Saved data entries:
+--

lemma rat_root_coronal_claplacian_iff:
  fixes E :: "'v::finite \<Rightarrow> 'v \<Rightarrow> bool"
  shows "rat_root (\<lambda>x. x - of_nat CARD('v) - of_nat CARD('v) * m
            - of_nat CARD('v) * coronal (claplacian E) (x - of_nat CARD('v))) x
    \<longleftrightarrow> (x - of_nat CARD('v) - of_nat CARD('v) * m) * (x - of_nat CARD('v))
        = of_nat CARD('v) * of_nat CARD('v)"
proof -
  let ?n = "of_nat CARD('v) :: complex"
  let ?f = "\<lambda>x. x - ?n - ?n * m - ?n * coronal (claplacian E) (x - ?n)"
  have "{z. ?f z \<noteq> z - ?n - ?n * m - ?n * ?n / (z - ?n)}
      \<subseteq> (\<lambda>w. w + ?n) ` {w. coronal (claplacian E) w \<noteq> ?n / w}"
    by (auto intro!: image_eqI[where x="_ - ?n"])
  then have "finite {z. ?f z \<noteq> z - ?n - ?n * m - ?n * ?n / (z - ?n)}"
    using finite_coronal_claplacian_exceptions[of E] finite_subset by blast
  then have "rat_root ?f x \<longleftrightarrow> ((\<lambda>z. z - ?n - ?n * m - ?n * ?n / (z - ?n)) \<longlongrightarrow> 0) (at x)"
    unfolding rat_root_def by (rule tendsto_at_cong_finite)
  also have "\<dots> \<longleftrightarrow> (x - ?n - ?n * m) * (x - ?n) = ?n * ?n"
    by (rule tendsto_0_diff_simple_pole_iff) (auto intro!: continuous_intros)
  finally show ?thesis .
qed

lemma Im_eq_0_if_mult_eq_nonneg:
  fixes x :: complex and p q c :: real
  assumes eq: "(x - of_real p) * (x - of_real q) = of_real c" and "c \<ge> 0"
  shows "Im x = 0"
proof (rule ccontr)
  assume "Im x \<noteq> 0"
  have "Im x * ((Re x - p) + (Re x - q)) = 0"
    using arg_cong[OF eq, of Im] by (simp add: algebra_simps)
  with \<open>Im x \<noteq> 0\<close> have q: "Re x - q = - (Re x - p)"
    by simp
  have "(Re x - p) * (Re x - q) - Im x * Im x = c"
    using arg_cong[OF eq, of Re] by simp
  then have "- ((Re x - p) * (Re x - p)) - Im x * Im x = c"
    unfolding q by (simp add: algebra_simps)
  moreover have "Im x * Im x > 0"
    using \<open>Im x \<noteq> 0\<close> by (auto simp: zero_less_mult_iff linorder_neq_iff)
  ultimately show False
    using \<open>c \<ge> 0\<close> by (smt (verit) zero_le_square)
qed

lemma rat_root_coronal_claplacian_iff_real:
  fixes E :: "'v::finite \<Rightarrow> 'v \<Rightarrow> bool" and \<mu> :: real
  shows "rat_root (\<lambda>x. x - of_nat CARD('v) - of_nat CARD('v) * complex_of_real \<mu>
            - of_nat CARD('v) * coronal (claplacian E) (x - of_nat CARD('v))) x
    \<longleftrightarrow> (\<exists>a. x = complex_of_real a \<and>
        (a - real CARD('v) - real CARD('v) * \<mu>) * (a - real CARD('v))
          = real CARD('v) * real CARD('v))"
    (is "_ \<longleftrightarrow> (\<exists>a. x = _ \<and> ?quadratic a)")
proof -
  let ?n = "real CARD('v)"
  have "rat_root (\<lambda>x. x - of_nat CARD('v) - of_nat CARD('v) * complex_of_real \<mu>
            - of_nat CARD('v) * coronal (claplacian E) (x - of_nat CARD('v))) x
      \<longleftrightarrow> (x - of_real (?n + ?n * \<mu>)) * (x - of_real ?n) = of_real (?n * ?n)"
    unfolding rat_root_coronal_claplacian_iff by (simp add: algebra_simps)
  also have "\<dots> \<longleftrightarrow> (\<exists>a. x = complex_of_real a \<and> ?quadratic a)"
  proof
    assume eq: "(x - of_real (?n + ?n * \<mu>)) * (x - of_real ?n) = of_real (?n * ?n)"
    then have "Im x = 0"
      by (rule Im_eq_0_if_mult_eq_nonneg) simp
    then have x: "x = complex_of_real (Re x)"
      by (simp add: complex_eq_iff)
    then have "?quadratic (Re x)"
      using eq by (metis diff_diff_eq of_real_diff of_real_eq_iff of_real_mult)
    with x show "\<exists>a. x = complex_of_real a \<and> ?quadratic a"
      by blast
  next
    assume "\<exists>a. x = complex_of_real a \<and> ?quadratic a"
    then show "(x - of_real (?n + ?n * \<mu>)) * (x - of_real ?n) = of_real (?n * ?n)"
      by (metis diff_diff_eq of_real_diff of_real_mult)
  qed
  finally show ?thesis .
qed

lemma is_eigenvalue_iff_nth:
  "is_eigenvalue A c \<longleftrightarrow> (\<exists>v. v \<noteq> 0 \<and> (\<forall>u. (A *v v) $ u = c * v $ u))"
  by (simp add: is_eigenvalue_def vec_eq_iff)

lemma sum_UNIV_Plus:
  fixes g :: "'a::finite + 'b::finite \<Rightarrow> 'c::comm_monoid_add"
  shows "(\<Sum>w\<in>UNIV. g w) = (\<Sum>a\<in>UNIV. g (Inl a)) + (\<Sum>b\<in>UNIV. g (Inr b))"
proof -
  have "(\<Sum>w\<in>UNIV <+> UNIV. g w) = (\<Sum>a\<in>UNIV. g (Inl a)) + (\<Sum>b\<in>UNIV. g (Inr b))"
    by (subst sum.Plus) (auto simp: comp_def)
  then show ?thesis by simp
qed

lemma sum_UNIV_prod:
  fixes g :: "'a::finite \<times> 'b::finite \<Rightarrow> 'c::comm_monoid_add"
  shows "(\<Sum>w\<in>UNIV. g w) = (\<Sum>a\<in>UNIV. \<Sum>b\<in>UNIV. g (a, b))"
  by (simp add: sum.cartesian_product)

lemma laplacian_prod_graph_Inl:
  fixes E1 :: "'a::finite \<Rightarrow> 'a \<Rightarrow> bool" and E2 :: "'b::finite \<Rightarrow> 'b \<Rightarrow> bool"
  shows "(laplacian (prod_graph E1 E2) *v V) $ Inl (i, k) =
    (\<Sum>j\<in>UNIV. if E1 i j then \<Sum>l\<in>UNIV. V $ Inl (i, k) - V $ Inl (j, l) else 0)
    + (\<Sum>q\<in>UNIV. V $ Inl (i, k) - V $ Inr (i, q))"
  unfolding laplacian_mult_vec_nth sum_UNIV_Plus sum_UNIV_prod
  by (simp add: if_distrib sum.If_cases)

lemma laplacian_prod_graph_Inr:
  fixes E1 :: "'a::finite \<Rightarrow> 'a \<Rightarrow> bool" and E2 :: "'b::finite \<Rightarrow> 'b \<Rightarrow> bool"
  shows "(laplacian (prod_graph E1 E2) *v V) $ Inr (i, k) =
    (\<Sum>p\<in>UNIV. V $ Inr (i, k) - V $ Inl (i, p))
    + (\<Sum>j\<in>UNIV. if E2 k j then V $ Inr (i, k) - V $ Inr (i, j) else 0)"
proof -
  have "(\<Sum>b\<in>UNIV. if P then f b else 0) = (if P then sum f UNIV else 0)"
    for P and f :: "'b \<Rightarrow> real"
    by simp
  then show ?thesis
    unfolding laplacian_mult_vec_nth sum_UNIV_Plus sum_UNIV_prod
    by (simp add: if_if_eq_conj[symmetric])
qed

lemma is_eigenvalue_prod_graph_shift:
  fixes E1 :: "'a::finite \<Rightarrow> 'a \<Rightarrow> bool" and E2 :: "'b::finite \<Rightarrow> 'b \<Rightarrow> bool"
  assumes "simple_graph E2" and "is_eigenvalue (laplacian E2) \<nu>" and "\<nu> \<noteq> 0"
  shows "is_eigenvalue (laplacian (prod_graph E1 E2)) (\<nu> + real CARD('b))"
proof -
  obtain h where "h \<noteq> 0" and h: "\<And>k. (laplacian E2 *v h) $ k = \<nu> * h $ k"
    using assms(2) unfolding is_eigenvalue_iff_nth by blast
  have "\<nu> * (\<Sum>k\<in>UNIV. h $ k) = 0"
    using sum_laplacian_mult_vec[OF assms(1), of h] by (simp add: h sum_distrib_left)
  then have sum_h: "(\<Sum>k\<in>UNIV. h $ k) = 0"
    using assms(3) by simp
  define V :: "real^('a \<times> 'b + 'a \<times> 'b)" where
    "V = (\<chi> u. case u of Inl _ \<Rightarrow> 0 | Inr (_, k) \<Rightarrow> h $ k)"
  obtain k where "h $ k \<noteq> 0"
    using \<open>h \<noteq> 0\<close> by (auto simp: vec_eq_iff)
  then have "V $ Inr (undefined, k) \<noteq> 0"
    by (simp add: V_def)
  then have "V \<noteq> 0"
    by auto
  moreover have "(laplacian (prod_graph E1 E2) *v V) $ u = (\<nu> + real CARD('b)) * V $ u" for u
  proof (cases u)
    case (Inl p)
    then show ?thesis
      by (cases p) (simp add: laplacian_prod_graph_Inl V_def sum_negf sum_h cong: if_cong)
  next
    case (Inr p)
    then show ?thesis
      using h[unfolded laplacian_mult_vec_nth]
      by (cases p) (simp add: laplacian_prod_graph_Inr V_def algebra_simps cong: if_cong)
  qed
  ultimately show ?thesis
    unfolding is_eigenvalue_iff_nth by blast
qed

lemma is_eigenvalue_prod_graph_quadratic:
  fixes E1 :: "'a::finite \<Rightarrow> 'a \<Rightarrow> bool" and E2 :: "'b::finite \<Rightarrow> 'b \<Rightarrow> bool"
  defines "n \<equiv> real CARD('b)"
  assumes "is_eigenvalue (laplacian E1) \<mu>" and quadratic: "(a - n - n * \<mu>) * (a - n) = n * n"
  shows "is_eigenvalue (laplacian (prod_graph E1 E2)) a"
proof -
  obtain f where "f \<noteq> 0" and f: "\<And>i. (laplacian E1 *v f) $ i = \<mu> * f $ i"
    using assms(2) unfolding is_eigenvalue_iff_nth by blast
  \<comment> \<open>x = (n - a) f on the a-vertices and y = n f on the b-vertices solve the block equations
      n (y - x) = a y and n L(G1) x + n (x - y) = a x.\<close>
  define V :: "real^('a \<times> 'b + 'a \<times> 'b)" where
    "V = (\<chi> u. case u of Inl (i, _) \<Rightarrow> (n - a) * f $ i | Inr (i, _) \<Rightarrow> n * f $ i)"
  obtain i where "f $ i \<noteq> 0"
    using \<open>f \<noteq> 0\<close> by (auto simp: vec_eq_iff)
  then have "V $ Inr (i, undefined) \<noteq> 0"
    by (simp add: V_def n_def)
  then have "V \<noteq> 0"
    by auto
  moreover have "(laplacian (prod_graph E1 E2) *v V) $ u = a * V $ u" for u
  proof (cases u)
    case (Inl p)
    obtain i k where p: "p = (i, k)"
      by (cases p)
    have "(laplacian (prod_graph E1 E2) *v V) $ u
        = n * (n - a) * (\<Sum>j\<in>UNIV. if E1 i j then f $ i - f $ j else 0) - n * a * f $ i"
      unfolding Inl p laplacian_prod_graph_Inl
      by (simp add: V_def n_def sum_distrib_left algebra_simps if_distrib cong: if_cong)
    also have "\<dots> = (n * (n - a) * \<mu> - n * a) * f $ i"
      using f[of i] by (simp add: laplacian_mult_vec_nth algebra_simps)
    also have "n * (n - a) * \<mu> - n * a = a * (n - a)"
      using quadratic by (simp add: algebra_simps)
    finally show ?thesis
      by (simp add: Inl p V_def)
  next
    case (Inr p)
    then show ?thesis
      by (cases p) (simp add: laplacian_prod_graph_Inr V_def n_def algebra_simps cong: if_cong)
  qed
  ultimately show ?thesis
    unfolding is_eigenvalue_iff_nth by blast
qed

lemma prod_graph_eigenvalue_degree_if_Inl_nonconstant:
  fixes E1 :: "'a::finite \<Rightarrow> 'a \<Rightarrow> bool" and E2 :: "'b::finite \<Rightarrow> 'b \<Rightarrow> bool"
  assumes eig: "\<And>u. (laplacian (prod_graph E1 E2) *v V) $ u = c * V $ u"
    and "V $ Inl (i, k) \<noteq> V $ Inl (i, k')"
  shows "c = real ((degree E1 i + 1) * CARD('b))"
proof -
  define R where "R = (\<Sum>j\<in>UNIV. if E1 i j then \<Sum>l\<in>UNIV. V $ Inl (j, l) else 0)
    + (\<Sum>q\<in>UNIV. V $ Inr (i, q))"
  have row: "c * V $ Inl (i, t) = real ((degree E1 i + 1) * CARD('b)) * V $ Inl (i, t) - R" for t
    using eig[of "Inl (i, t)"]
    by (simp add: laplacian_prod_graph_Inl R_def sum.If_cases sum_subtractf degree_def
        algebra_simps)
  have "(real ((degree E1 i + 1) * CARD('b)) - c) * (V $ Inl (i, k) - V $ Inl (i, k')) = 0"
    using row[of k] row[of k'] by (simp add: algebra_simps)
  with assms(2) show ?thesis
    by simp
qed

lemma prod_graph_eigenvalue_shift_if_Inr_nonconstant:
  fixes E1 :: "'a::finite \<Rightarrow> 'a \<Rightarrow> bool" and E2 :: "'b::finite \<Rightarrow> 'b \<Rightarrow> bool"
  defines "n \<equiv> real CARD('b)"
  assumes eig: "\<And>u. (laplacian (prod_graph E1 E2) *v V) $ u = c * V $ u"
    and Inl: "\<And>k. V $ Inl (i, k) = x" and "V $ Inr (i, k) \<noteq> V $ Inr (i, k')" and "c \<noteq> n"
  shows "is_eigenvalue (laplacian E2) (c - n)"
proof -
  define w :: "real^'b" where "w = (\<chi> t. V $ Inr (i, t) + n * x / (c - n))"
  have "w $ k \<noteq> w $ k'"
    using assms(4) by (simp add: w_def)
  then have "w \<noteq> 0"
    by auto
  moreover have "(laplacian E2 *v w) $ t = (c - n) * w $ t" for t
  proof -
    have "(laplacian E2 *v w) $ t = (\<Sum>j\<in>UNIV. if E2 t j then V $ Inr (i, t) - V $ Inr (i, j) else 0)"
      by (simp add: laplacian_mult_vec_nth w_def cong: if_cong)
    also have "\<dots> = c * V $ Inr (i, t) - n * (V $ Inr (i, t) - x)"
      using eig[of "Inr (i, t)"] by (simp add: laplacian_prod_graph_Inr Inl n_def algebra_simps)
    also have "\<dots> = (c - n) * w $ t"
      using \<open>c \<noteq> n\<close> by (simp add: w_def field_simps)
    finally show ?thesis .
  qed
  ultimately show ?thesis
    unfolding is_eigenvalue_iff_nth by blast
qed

+--

PROBLEM DETAILS: In the entries above, find the line holding "by (rule tendsto_0_diff_simple_pole_iff)" and the line holding "ultimately show False", then retype exactly those two lines and every line between them, and nothing else.

RESPONSE:
    by (rule tendsto_0_diff_simple_pole_iff) (auto intro!: continuous_intros)
  finally show ?thesis .
qed

lemma Im_eq_0_if_mult_eq_nonneg:
  fixes x :: complex and p q c :: real
  assumes eq: "(x - of_real p) * (x - of_real q) = of_real c" and "c \<ge> 0"
  shows "Im x = 0"
proof (rule ccontr)
  assume "Im x \<noteq> 0"
  have "Im x * ((Re x - p) + (Re x - q)) = 0"
    using arg_cong[OF eq, of Im] by (simp add: algebra_simps)
  with \<open>Im x \<noteq> 0\<close> have q: "Re x - q = - (Re x - p)"
    by simp
  have "(Re x - p) * (Re x - q) - Im x * Im x = c"
    using arg_cong[OF eq, of Re] by simp
  then have "- ((Re x - p) * (Re x - p)) - Im x * Im x = c"
    unfolding q by (simp add: algebra_simps)
  moreover have "Im x * Im x > 0"
    using \<open>Im x \<noteq> 0\<close> by (auto simp: zero_less_mult_iff linorder_neq_iff)
  ultimately show False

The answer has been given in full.